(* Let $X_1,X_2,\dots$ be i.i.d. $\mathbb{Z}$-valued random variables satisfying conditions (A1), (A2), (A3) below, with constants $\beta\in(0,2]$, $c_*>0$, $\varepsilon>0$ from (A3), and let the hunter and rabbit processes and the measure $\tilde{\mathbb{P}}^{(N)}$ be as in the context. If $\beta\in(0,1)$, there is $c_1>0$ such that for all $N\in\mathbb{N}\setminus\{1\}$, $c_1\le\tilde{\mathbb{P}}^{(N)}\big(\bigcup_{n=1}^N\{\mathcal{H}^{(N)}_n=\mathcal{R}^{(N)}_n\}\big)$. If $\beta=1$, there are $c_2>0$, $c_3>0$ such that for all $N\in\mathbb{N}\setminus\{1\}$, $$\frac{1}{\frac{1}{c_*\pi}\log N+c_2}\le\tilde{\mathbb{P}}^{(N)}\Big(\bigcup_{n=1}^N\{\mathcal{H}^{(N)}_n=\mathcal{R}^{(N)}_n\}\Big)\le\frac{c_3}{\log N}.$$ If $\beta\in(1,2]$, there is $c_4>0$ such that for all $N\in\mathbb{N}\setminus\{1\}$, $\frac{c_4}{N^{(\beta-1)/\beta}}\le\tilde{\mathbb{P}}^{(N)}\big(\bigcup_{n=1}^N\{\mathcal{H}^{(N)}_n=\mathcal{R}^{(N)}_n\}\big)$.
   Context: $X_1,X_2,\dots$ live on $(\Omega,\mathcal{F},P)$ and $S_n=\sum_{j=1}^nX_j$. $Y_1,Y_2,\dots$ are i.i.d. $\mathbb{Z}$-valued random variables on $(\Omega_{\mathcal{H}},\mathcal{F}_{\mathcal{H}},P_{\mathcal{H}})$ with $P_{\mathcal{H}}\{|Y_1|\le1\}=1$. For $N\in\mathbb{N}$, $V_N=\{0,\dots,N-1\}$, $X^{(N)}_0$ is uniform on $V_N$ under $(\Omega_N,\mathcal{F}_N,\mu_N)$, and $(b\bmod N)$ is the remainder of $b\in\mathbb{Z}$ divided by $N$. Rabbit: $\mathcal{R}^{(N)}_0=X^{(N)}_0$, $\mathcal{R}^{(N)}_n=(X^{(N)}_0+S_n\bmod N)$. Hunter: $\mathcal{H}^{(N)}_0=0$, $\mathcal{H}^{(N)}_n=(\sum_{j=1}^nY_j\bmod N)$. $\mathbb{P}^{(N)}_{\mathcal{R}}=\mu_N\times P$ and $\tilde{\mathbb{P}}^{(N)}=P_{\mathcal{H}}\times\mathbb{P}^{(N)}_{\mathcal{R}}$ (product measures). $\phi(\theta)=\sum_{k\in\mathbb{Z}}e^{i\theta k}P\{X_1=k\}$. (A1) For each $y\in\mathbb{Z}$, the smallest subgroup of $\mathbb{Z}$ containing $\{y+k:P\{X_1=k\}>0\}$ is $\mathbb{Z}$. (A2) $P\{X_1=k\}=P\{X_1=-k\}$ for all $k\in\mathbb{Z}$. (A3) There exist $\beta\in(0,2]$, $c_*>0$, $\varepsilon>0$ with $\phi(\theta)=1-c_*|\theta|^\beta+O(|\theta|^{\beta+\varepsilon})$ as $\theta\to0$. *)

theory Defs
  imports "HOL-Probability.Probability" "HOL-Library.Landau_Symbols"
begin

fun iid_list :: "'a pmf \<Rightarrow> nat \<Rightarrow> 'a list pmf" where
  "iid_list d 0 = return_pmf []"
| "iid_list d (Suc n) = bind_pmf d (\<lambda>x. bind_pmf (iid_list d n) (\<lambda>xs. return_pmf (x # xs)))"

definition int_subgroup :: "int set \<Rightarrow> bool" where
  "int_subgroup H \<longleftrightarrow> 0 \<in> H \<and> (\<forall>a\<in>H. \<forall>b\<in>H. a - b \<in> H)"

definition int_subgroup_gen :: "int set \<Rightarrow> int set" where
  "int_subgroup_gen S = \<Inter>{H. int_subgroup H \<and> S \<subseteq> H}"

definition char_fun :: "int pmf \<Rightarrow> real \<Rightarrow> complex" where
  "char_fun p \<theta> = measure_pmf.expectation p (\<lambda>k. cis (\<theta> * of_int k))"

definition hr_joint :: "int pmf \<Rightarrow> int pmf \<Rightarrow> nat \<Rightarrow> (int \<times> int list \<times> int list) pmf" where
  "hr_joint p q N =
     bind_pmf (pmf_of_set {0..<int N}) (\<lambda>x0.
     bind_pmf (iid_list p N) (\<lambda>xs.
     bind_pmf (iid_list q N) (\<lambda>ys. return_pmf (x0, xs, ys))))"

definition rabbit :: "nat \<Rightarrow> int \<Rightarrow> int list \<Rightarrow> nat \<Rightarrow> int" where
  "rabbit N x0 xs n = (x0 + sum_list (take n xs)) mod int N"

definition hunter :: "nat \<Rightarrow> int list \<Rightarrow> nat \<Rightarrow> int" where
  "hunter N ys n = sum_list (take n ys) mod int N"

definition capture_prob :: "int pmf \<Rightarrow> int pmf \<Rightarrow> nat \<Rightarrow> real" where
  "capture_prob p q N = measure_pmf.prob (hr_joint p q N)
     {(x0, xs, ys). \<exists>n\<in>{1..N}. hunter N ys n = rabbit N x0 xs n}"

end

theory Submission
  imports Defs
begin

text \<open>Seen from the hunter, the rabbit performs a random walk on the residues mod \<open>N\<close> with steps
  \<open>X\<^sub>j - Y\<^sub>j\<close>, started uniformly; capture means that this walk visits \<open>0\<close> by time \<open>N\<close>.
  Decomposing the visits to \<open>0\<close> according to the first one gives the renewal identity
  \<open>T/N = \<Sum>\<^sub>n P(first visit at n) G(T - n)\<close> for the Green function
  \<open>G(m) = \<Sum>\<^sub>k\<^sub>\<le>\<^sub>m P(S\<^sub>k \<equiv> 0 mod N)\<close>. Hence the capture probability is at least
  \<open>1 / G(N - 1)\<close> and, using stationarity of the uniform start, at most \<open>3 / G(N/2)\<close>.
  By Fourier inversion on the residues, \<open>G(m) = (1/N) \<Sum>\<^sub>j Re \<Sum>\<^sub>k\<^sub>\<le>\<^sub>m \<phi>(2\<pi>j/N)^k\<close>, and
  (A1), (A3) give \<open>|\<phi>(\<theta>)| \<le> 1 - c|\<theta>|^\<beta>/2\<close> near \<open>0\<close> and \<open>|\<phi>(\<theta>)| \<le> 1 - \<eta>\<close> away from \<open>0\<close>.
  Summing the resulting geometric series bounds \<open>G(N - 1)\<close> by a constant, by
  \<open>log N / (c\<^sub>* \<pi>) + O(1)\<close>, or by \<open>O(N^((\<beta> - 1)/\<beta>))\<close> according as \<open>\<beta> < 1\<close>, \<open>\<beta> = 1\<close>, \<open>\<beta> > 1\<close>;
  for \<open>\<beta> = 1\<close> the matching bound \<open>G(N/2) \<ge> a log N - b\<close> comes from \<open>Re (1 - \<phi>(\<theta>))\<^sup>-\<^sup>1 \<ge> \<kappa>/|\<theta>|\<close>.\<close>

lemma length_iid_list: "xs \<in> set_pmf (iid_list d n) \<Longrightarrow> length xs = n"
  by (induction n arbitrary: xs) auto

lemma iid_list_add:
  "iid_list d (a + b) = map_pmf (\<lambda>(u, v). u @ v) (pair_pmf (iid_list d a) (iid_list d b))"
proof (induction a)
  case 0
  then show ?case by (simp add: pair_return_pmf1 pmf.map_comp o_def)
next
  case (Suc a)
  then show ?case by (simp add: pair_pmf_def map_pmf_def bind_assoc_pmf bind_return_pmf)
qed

=-=-=

WHAT YOU ARE ASKED TO DO:
Write the records again exactly as they stand.

TASK OUTPUT:
(* Let $X_1,X_2,\dots$ be i.i.d. $\mathbb{Z}$-valued random variables satisfying conditions (A1), (A2), (A3) below, with constants $\beta\in(0,2]$, $c_*>0$, $\varepsilon>0$ from (A3), and let the hunter and rabbit processes and the measure $\tilde{\mathbb{P}}^{(N)}$ be as in the context. If $\beta\in(0,1)$, there is $c_1>0$ such that for all $N\in\mathbb{N}\setminus\{1\}$, $c_1\le\tilde{\mathbb{P}}^{(N)}\big(\bigcup_{n=1}^N\{\mathcal{H}^{(N)}_n=\mathcal{R}^{(N)}_n\}\big)$. If $\beta=1$, there are $c_2>0$, $c_3>0$ such that for all $N\in\mathbb{N}\setminus\{1\}$, $$\frac{1}{\frac{1}{c_*\pi}\log N+c_2}\le\tilde{\mathbb{P}}^{(N)}\Big(\bigcup_{n=1}^N\{\mathcal{H}^{(N)}_n=\mathcal{R}^{(N)}_n\}\Big)\le\frac{c_3}{\log N}.$$ If $\beta\in(1,2]$, there is $c_4>0$ such that for all $N\in\mathbb{N}\setminus\{1\}$, $\frac{c_4}{N^{(\beta-1)/\beta}}\le\tilde{\mathbb{P}}^{(N)}\big(\bigcup_{n=1}^N\{\mathcal{H}^{(N)}_n=\mathcal{R}^{(N)}_n\}\big)$.
   Context: $X_1,X_2,\dots$ live on $(\Omega,\mathcal{F},P)$ and $S_n=\sum_{j=1}^nX_j$. $Y_1,Y_2,\dots$ are i.i.d. $\mathbb{Z}$-valued random variables on $(\Omega_{\mathcal{H}},\mathcal{F}_{\mathcal{H}},P_{\mathcal{H}})$ with $P_{\mathcal{H}}\{|Y_1|\le1\}=1$. For $N\in\mathbb{N}$, $V_N=\{0,\dots,N-1\}$, $X^{(N)}_0$ is uniform on $V_N$ under $(\Omega_N,\mathcal{F}_N,\mu_N)$, and $(b\bmod N)$ is the remainder of $b\in\mathbb{Z}$ divided by $N$. Rabbit: $\mathcal{R}^{(N)}_0=X^{(N)}_0$, $\mathcal{R}^{(N)}_n=(X^{(N)}_0+S_n\bmod N)$. Hunter: $\mathcal{H}^{(N)}_0=0$, $\mathcal{H}^{(N)}_n=(\sum_{j=1}^nY_j\bmod N)$. $\mathbb{P}^{(N)}_{\mathcal{R}}=\mu_N\times P$ and $\tilde{\mathbb{P}}^{(N)}=P_{\mathcal{H}}\times\mathbb{P}^{(N)}_{\mathcal{R}}$ (product measures). $\phi(\theta)=\sum_{k\in\mathbb{Z}}e^{i\theta k}P\{X_1=k\}$. (A1) For each $y\in\mathbb{Z}$, the smallest subgroup of $\mathbb{Z}$ containing $\{y+k:P\{X_1=k\}>0\}$ is $\mathbb{Z}$. (A2) $P\{X_1=k\}=P\{X_1=-k\}$ for all $k\in\mathbb{Z}$. (A3) There exist $\beta\in(0,2]$, $c_*>0$, $\varepsilon>0$ with $\phi(\theta)=1-c_*|\theta|^\beta+O(|\theta|^{\beta+\varepsilon})$ as $\theta\to0$. *)

theory Defs
  imports "HOL-Probability.Probability" "HOL-Library.Landau_Symbols"
begin

fun iid_list :: "'a pmf \<Rightarrow> nat \<Rightarrow> 'a list pmf" where
  "iid_list d 0 = return_pmf []"
| "iid_list d (Suc n) = bind_pmf d (\<lambda>x. bind_pmf (iid_list d n) (\<lambda>xs. return_pmf (x # xs)))"

definition int_subgroup :: "int set \<Rightarrow> bool" where
  "int_subgroup H \<longleftrightarrow> 0 \<in> H \<and> (\<forall>a\<in>H. \<forall>b\<in>H. a - b \<in> H)"

definition int_subgroup_gen :: "int set \<Rightarrow> int set" where
  "int_subgroup_gen S = \<Inter>{H. int_subgroup H \<and> S \<subseteq> H}"

definition char_fun :: "int pmf \<Rightarrow> real \<Rightarrow> complex" where
  "char_fun p \<theta> = measure_pmf.expectation p (\<lambda>k. cis (\<theta> * of_int k))"

definition hr_joint :: "int pmf \<Rightarrow> int pmf \<Rightarrow> nat \<Rightarrow> (int \<times> int list \<times> int list) pmf" where
  "hr_joint p q N =
     bind_pmf (pmf_of_set {0..<int N}) (\<lambda>x0.
     bind_pmf (iid_list p N) (\<lambda>xs.
     bind_pmf (iid_list q N) (\<lambda>ys. return_pmf (x0, xs, ys))))"

definition rabbit :: "nat \<Rightarrow> int \<Rightarrow> int list \<Rightarrow> nat \<Rightarrow> int" where
  "rabbit N x0 xs n = (x0 + sum_list (take n xs)) mod int N"

definition hunter :: "nat \<Rightarrow> int list \<Rightarrow> nat \<Rightarrow> int" where
  "hunter N ys n = sum_list (take n ys) mod int N"

definition capture_prob :: "int pmf \<Rightarrow> int pmf \<Rightarrow> nat \<Rightarrow> real" where
  "capture_prob p q N = measure_pmf.prob (hr_joint p q N)
     {(x0, xs, ys). \<exists>n\<in>{1..N}. hunter N ys n = rabbit N x0 xs n}"

end

theory Submission
  imports Defs
begin

text \<open>Seen from the hunter, the rabbit performs a random walk on the residues mod \<open>N\<close> with steps
  \<open>X\<^sub>j - Y\<^sub>j\<close>, started uniformly; capture means that this walk visits \<open>0\<close> by time \<open>N\<close>.
  Decomposing the visits to \<open>0\<close> according to the first one gives the renewal identity
  \<open>T/N = \<Sum>\<^sub>n P(first visit at n) G(T - n)\<close> for the Green function
  \<open>G(m) = \<Sum>\<^sub>k\<^sub>\<le>\<^sub>m P(S\<^sub>k \<equiv> 0 mod N)\<close>. Hence the capture probability is at least
  \<open>1 / G(N - 1)\<close> and, using stationarity of the uniform start, at most \<open>3 / G(N/2)\<close>.
  By Fourier inversion on the residues, \<open>G(m) = (1/N) \<Sum>\<^sub>j Re \<Sum>\<^sub>k\<^sub>\<le>\<^sub>m \<phi>(2\<pi>j/N)^k\<close>, and
  (A1), (A3) give \<open>|\<phi>(\<theta>)| \<le> 1 - c|\<theta>|^\<beta>/2\<close> near \<open>0\<close> and \<open>|\<phi>(\<theta>)| \<le> 1 - \<eta>\<close> away from \<open>0\<close>.
  Summing the resulting geometric series bounds \<open>G(N - 1)\<close> by a constant, by
  \<open>log N / (c\<^sub>* \<pi>) + O(1)\<close>, or by \<open>O(N^((\<beta> - 1)/\<beta>))\<close> according as \<open>\<beta> < 1\<close>, \<open>\<beta> = 1\<close>, \<open>\<beta> > 1\<close>;
  for \<open>\<beta> = 1\<close> the matching bound \<open>G(N/2) \<ge> a log N - b\<close> comes from \<open>Re (1 - \<phi>(\<theta>))\<^sup>-\<^sup>1 \<ge> \<kappa>/|\<theta>|\<close>.\<close>

lemma length_iid_list: "xs \<in> set_pmf (iid_list d n) \<Longrightarrow> length xs = n"
  by (induction n arbitrary: xs) auto

lemma iid_list_add:
  "iid_list d (a + b) = map_pmf (\<lambda>(u, v). u @ v) (pair_pmf (iid_list d a) (iid_list d b))"
proof (induction a)
  case 0
  then show ?case by (simp add: pair_return_pmf1 pmf.map_comp o_def)
next
  case (Suc a)
  then show ?case by (simp add: pair_pmf_def map_pmf_def bind_assoc_pmf bind_return_pmf)
qed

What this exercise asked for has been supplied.